(* Let $J\subset\mathbb{R}\setminus\{0\}$ be compact and $f\in C([0,1])$ (complex valued). Define $\psi:[0,1)\times J\to\mathbb{C}$ by \[ \psi(y,\alpha):=\frac{e^{i\varphi(y,\alpha)}}{1-y}\int_y^1e^{-i\varphi(x,\alpha)}f(x)dx. \] Then $\psi$ extends to a continuous function on $[0,1]\times J$.
   Context: For $\alpha\in\mathbb{R}\setminus\{0\}$ and $y\in(-1,1)$, $\varphi(y,\alpha):=-\frac{2\alpha}{(1-y)^2}+\frac{2\alpha}{1-y}-\frac{2}{\alpha}\log(1-y)$. *)

theory Defs
  imports "HOL-Analysis.Analysis"
begin

definition phi :: "real \<Rightarrow> real \<Rightarrow> real" where
  "phi y \<alpha> = - 2 * \<alpha> / (1 - y)^2 + 2 * \<alpha> / (1 - y) - (2 / \<alpha>) * ln (1 - y)"

definition psi :: "(real \<Rightarrow> complex) \<Rightarrow> real \<Rightarrow> real \<Rightarrow> complex" where
  "psi f y \<alpha> = (exp (\<i> * complex_of_real (phi y \<alpha>)) / complex_of_real (1 - y)) *
      integral {y..1} (\<lambda>x. exp (- \<i> * complex_of_real (phi x \<alpha>)) * f x)"

end

(*
  Write E(x) = exp (- i phi(x, alpha)). Near x = 1 the derivative of phi is dominated by
  -4 alpha / (1 - x)^3, so w(x) = -i (1 - x)^3 / (4 alpha) E(x) satisfies w' = (1 + O(1 - x)) E
  and w(1) = 0. Integrating by parts gives |int_y^1 E| <= C (1 - y)^2, where C only depends on a
  lower bound for |alpha|. Splitting f = f(1) + (f - f(1)), the integral in psi is therefore
  O((1 - y)^2) + o(1 - y), so psi(y, alpha) tends to 0 as y -> 1, uniformly for alpha in J.
  On [0,1) x J, psi is continuous because the tail integral int_y^1 of a bounded integrand that is
  continuous on [0,1) x J depends continuously on (y, alpha). Hence psi, extended by 0 on {1} x J,
  is continuous on [0,1] x J.
*)

theory Submission
  imports Defs
begin

section \<open>Integrals with a variable endpoint and a parameter\<close>

lemma integrable_on_bounded_continuous_real:
  fixes g :: "real \<Rightarrow> 'b::euclidean_space"
  assumes "continuous_on {a<..<b} g" "\<And>x. x \<in> {a<..<b} \<Longrightarrow> norm (g x) \<le> B"
  shows "g integrable_on {a..b}"
proof -
  have "g integrable_on {a<..<b}"
  proof (rule measurable_bounded_by_integrable_imp_integrable)
    show "g \<in> borel_measurable (lebesgue_on {a<..<b})"
      by (rule continuous_imp_measurable_on_sets_lebesgue[OF assms(1)]) auto
    show "(\<lambda>x. B) integrable_on {a<..<b}"
      by (simp add: integrable_on_open_interval_real integrable_on_const)
  qed (use assms in auto)
  then show ?thesis
    by (simp add: integrable_on_open_interval_real)
qed

lemma norm_integral_Icc_le:
  fixes g :: "real \<Rightarrow> 'b::real_normed_vector"
  assumes "g integrable_on {a..b}" "a \<le> b" "\<And>x. x \<in> {a..b} \<Longrightarrow> norm (g x) \<le> B"
  shows "norm (integral {a..b} g) \<le> B * (b - a)"
proof -
  have "0 \<le> B"
    using assms(2) assms(3)[of a] norm_ge_zero[of "g a"] by (meson atLeastAtMost_iff order_refl order_trans)
  then show ?thesis
    using integrable_bound[where f = g and B = B and a = a and b = b] assms by simp
qed

lemma integral_Icc_rescale_unit:
  fixes g :: "real \<Rightarrow> 'b::real_normed_vector"
  assumes "m \<le> c" "g integrable_on {m..c}"
  shows "integral {m..c} g = (c - m) *\<^sub>R integral {0..1} (\<lambda>t. g (m + t * (c - m)))"
proof (cases "m = c")
  case False
  with assms have "c - m > 0"
    by simp
  from has_integral_affinity'[OF integrable_integral[OF assms(2)[unfolded box_real(2)[symmetric]]] this, of m]
  have "((\<lambda>t. g (m + t * (c - m))) has_integral integral {m..c} g /\<^sub>R (c - m)) {0..1}"
    using \<open>c - m > 0\<close> by (simp add: mult.commute add.commute)
  then show ?thesis
    using \<open>c - m > 0\<close> by (simp add: integral_unique)
qed simp

lemma continuous_on_integral_lower_limit:
  fixes h :: "real \<Rightarrow> 'a::topological_space \<Rightarrow> 'b::euclidean_space"
  assumes cont: "continuous_on ({a..c} \<times> A) (\<lambda>(x, p). h x p)"
  shows "continuous_on ({a..c} \<times> A) (\<lambda>(y, p). integral {y..c} (\<lambda>x. h x p))"
proof (rule continuous_on_eq)
  \<comment> \<open>substituting \<open>x = y + t (c - y)\<close> moves the dependence on \<open>y\<close> into an integrand on \<open>[0,1]\<close>\<close>
  define r where "r z = (fst (fst z) + snd z * (c - fst (fst z)), snd (fst z))"
    for z :: "(real \<times> 'a) \<times> real"
  have "r ((y, p), t) \<in> {a..c} \<times> A" if "y \<in> {a..c}" "p \<in> A" "t \<in> {0..1}" for y p t
  proof -
    have "0 \<le> t * (c - y)" "t * (c - y) \<le> c - y"
      using that by (auto intro: mult_left_le_one_le)
    then show ?thesis
      using that by (simp add: r_def)
  qed
  then have "r ` (({a..c} \<times> A) \<times> cbox 0 1) \<subseteq> {a..c} \<times> A"
    by force
  moreover have "continuous_on (({a..c} \<times> A) \<times> cbox 0 1) r"
    unfolding r_def by (intro continuous_intros)
  ultimately have "continuous_on (({a..c} \<times> A) \<times> cbox 0 1) (\<lambda>z. h (fst (r z)) (snd (r z)))"
    using continuous_on_compose2[OF cont] by (auto simp: split_beta')
  then have "continuous_on ({a..c} \<times> A) (\<lambda>z. integral (cbox 0 1) (\<lambda>t. h (fst z + t * (c - fst z)) (snd z)))"
    by (intro integral_continuous_on_param) (simp add: r_def split_beta')
  then show "continuous_on ({a..c} \<times> A) (\<lambda>(y, p). (c - y) *\<^sub>R integral (cbox 0 1) (\<lambda>t. h (y + t * (c - y)) p))"
    unfolding split_beta' by (intro continuous_intros)
  fix z
  assume z: "z \<in> {a..c} \<times> A"
  then have "continuous_on {fst z..c} (\<lambda>x. h x (snd z))"
    by (intro continuous_on_compose2[OF cont, of _ "\<lambda>x. (x, snd z)", simplified]
        continuous_on_Pair continuous_on_id continuous_on_const) auto
  then show "(\<lambda>(y, p). (c - y) *\<^sub>R integral (cbox 0 1) (\<lambda>t. h (y + t * (c - y)) p)) z
      = (\<lambda>(y, p). integral {y..c} (\<lambda>x. h x p)) z"
    using z by (auto simp: integral_Icc_rescale_unit integrable_continuous_real split: prod.splits)
qed

lemma uniform_limit_truncated_integral:
  fixes h :: "real \<Rightarrow> 'a \<Rightarrow> 'b::banach"
  assumes "a < b"
    and integrable: "\<And>y p. y \<in> {a..b} \<Longrightarrow> p \<in> A \<Longrightarrow> (\<lambda>x. h x p) integrable_on {y..b}"
    and bound: "\<And>x p. x \<in> {a..b} \<Longrightarrow> p \<in> A \<Longrightarrow> norm (h x p) \<le> B"
  shows "uniform_limit ({a..b} \<times> A) (\<lambda>c (y, p). integral {min y c..c} (\<lambda>x. h x p))
           (\<lambda>(y, p). integral {y..b} (\<lambda>x. h x p)) (at_left b)"
proof (rule uniform_limitI)
  fix e :: real
  assume "0 < e"
  then have "\<forall>\<^sub>F c in at_left b. c \<in> {max a (b - e / (\<bar>B\<bar> + 1))<..<b}"
    using \<open>a < b\<close> by (intro eventually_at_left_real) auto
  then show "\<forall>\<^sub>F c in at_left b. \<forall>z\<in>{a..b} \<times> A. dist ((\<lambda>(y, p). integral {min y c..c} (\<lambda>x. h x p)) z)
      ((\<lambda>(y, p). integral {y..b} (\<lambda>x. h x p)) z) < e"
  proof eventually_elim
    case (elim c)
    then have c: "a < c" "c < b" "(\<bar>B\<bar> + 1) * (b - c) < e"
      by (auto simp: field_simps)
    have "dist (integral {min y c..c} (\<lambda>x. h x p)) (integral {y..b} (\<lambda>x. h x p)) < e"
      if "y \<in> {a..b}" "p \<in> A" for y p
    proof -
      have "dist (integral {min y c..c} (\<lambda>x. h x p)) (integral {y..b} (\<lambda>x. h x p))
          = norm (integral {max y c..b} (\<lambda>x. h x p))"
      proof (cases "y \<le> c")
        case True
        then have "integral {y..b} (\<lambda>x. h x p) = integral {y..c} (\<lambda>x. h x p) + integral {c..b} (\<lambda>x. h x p)"
          using c integrable[OF that]
            Henstock_Kurzweil_Integration.integral_combine[of y c b "\<lambda>x. h x p"] by simp
        then show ?thesis
          using True by (simp add: dist_norm)
      next
        case False
        then show ?thesis
          by (simp add: dist_norm)
      qed
      also have "\<dots> \<le> \<bar>B\<bar> * (b - max y c)"
        using that c bound
        by (intro norm_integral_Icc_le integrable) (auto intro: order_trans[OF _ abs_ge_self])
      also have "\<dots> \<le> \<bar>B\<bar> * (b - c)"
        by (intro mult_left_mono) auto
      also have "\<dots> < e"
        using c by (smt (verit) mult_right_mono)
      finally show ?thesis .
    qed
    then show ?case
      by auto
  qed
qed

lemma continuous_on_integral_tail:
  fixes h :: "real \<Rightarrow> 'a::metric_space \<Rightarrow> 'b::euclidean_space"
  assumes cont: "continuous_on ({a..<b} \<times> A) (\<lambda>(x, p). h x p)"
    and bound: "\<And>x p. x \<in> {a..b} \<Longrightarrow> p \<in> A \<Longrightarrow> norm (h x p) \<le> B"
  shows "continuous_on ({a..b} \<times> A) (\<lambda>(y, p). integral {y..b} (\<lambda>x. h x p))"
proof (cases "a < b")
  case False
  have "integral {y..b} (\<lambda>x. h x p) = 0" if "(y, p) \<in> {a..b} \<times> A" for y p
  proof -
    have "y = b"
      using that False by auto
    then show ?thesis
      by simp
  qed
  then show ?thesis
    by (intro continuous_on_eq[OF continuous_on_const]) auto
next
  case True
  have "(\<lambda>x. h x p) integrable_on {y..b}" if "y \<in> {a..b}" "p \<in> A" for y p
  proof (rule integrable_on_bounded_continuous_real)
    show "continuous_on {y<..<b} (\<lambda>x. h x p)"
      using that by (intro continuous_on_compose2[OF cont, of _ "\<lambda>x. (x, p)", simplified]
          continuous_on_Pair continuous_on_id continuous_on_const) auto
    show "norm (h x p) \<le> B" if "x \<in> {y<..<b}" for x
      using bound that \<open>y \<in> {a..b}\<close> \<open>p \<in> A\<close> by auto
  qed
  note truncation = uniform_limit_truncated_integral[OF True this bound]
  have "continuous_on ({a..b} \<times> A) (\<lambda>(y, p). integral {min y c..c} (\<lambda>x. h x p))"
    if "c \<in> {a<..<b}" for c
  proof -
    have "continuous_on ({a..c} \<times> A) (\<lambda>(y, p). integral {y..c} (\<lambda>x. h x p))"
      using that by (intro continuous_on_integral_lower_limit continuous_on_subset[OF cont]) auto
    moreover have "continuous_on ({a..b} \<times> A) (\<lambda>z. (min (fst z) c, snd z))"
      by (intro continuous_intros)
    moreover have "(\<lambda>z. (min (fst z) c, snd z)) ` ({a..b} \<times> A) \<subseteq> {a..c} \<times> A"
      using that by auto
    ultimately show ?thesis
      using continuous_on_compose2 by (fastforce simp: split_beta')
  qed
  then have "\<forall>\<^sub>F c in at_left b. continuous_on ({a..b} \<times> A) (\<lambda>(y, p). integral {min y c..c} (\<lambda>x. h x p))"
    using eventually_at_left_real[OF True] by (auto elim: eventually_mono)
  then show ?thesis
    using truncation trivial_limit_at_left_real by (rule uniform_limit_theorem)
qed

lemma uniform_limit_at_left_imp_tendsto_within:
  fixes F :: "real \<Rightarrow> 'a::topological_space \<Rightarrow> 'b::metric_space"
  assumes "uniform_limit A F (\<lambda>_. L) (at_left c)" "S \<subseteq> {..<c} \<times> A"
  shows "((\<lambda>(y, q). F y q) \<longlongrightarrow> L) (at (c, p) within S)"
proof (rule tendstoI)
  fix e :: real
  assume "0 < e"
  have "filterlim fst (at_left c) (at (c, p) within S)"
  proof (rule tendsto_imp_filterlim_at_left)
    show "(fst \<longlongrightarrow> c) (at (c, p) within S)"
      using tendsto_fst[OF tendsto_ident_at] by fastforce
    show "\<forall>\<^sub>F z in at (c, p) within S. fst z < c"
      unfolding eventually_at_filter by (rule always_eventually) (use assms(2) in auto)
  qed
  with uniform_limitD[OF assms(1) \<open>0 < e\<close>]
  have "\<forall>\<^sub>F z in at (c, p) within S. \<forall>q\<in>A. dist (F (fst z) q) L < e"
    by (rule eventually_compose_filterlim)
  moreover have "\<forall>\<^sub>F z in at (c, p) within S. snd z \<in> A"
    unfolding eventually_at_filter by (rule always_eventually) (use assms(2) in auto)
  ultimately show "\<forall>\<^sub>F z in at (c, p) within S. dist ((\<lambda>(y, q). F y q) z) L < e"
    by eventually_elim (auto simp: split_beta)
qed

lemma continuous_on_extension_by_zero:
  fixes g :: "'a::topological_space \<Rightarrow> 'b::real_normed_vector"
  assumes "closed Z" "continuous_on (S - Z) g"
    and "\<And>z. z \<in> S \<inter> Z \<Longrightarrow> (g \<longlongrightarrow> 0) (at z within S - Z)"
  shows "continuous_on S (\<lambda>x. if x \<in> Z then 0 else g x)"
proof -
  define G where "G = (\<lambda>x. if x \<in> Z then 0 else g x)"
  have "(G \<longlongrightarrow> G x) (at x within S)" if "x \<in> S" for x
  proof -
    have "(g \<longlongrightarrow> G x) (at x within S - Z)"
      using assms(2,3) that by (cases "x \<in> Z") (simp_all add: G_def continuous_on_def)
    moreover have "\<forall>\<^sub>F y in at x within S - Z. G y = g y"
      by (auto simp: eventually_at_filter G_def)
    ultimately have "(G \<longlongrightarrow> G x) (at x within S - Z)"
      by (simp add: tendsto_cong)
    moreover have "(G \<longlongrightarrow> G x) (at x within S \<inter> Z)"
    proof (cases "x \<in> Z")
      case True
      have "\<forall>\<^sub>F y in at x within S \<inter> Z. G y = G x"
        using True by (auto simp: eventually_at_filter G_def)
      then show ?thesis
        by (rule tendsto_eventually)
    next
      case False
      then have "\<not> x islimpt S \<inter> Z"
        using \<open>closed Z\<close> closed_limpt islimpt_subset by blast
      then have "at x within S \<inter> Z = bot"
        using trivial_limit_within by blast
      then show ?thesis
        by simp
    qed
    ultimately show ?thesis
      by (metis Lim_within_Un Un_Diff_Int)
  qed
  then have "continuous_on S G"
    by (simp add: continuous_on_def)
  then show ?thesis
    by (simp only: G_def)
qed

* * * * * * * * *

• ASSIGNMENT:
Copy all lines from the data above that contain the word "False".

• WRITTEN ANSWER:
  case False
        case False
  case False
      using that False by auto
      case False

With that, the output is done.